» **ABOUT THIS EXERCISE**
Lines with "using": pull these out of the listing below.

» **RECORDS FOR THIS TASK**

_ _ _ _ _

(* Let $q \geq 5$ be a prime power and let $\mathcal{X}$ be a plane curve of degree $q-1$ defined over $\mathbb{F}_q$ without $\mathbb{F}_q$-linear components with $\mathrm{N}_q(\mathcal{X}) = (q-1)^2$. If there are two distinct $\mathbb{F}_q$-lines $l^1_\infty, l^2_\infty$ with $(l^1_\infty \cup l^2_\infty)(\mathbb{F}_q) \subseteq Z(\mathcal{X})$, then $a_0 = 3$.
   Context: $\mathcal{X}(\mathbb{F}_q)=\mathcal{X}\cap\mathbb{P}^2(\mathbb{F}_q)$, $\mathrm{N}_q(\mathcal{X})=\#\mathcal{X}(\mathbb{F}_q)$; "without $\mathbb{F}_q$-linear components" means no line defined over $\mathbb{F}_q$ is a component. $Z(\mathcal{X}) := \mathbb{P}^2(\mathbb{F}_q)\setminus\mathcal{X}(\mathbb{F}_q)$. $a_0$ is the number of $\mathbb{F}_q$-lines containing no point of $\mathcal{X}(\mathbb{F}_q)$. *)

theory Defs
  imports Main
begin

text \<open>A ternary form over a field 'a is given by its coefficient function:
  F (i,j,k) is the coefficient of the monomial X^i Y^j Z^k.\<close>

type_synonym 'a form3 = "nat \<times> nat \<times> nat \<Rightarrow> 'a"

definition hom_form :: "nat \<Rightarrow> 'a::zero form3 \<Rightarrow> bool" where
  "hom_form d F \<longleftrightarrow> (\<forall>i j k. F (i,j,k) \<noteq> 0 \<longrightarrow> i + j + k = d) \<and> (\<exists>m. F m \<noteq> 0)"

_ _ _ _ _

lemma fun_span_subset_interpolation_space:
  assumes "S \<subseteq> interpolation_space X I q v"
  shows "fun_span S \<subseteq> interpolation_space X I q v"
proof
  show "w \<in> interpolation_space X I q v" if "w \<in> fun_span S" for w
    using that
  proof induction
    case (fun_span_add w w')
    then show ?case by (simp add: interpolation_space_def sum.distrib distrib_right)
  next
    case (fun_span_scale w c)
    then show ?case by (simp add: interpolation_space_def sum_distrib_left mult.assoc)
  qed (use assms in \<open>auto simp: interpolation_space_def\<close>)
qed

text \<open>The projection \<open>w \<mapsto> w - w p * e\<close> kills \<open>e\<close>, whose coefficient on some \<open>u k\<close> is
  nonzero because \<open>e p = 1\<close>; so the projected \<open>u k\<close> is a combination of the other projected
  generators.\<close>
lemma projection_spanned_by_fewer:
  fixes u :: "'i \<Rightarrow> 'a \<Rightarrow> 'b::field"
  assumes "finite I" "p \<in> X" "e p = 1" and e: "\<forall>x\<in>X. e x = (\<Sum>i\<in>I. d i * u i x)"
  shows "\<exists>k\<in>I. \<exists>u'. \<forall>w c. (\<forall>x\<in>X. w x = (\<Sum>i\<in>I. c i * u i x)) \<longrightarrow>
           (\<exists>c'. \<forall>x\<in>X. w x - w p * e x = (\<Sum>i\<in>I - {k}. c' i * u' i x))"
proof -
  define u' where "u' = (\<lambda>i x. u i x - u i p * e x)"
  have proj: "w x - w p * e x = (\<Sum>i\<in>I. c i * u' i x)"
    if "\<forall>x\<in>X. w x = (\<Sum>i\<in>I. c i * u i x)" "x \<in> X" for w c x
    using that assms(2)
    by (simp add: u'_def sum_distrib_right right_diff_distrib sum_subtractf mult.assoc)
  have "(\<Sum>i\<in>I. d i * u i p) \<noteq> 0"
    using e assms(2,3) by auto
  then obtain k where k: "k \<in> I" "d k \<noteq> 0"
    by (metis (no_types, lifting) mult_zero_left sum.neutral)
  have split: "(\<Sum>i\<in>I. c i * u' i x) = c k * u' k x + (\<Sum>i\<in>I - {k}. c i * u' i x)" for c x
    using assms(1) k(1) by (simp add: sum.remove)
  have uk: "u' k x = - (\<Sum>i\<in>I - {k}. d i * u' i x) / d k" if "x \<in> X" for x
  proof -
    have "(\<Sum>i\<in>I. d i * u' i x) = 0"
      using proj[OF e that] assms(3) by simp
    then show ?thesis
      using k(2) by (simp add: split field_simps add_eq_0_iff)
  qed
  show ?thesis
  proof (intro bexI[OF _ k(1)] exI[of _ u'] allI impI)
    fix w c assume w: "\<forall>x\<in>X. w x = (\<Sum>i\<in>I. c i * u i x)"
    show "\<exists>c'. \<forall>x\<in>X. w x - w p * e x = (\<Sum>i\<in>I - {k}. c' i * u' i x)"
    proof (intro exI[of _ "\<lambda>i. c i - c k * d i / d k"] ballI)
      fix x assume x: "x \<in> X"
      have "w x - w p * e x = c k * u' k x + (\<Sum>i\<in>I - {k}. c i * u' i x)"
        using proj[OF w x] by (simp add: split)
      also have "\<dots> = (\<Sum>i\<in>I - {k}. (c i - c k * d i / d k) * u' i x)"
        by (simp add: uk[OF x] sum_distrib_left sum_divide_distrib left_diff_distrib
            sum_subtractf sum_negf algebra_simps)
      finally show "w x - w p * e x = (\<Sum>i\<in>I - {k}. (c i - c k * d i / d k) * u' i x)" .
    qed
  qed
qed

_ _ _ _ _

» **THE COMPLETED TASK**
    using that
    using that assms(2)
    using e assms(2,3) by auto
    using assms(1) k(1) by (simp add: sum.remove)
      using proj[OF e that] assms(3) by simp
      using k(2) by (simp add: split field_simps add_eq_0_iff)
        using proj[OF w x] by (simp add: split)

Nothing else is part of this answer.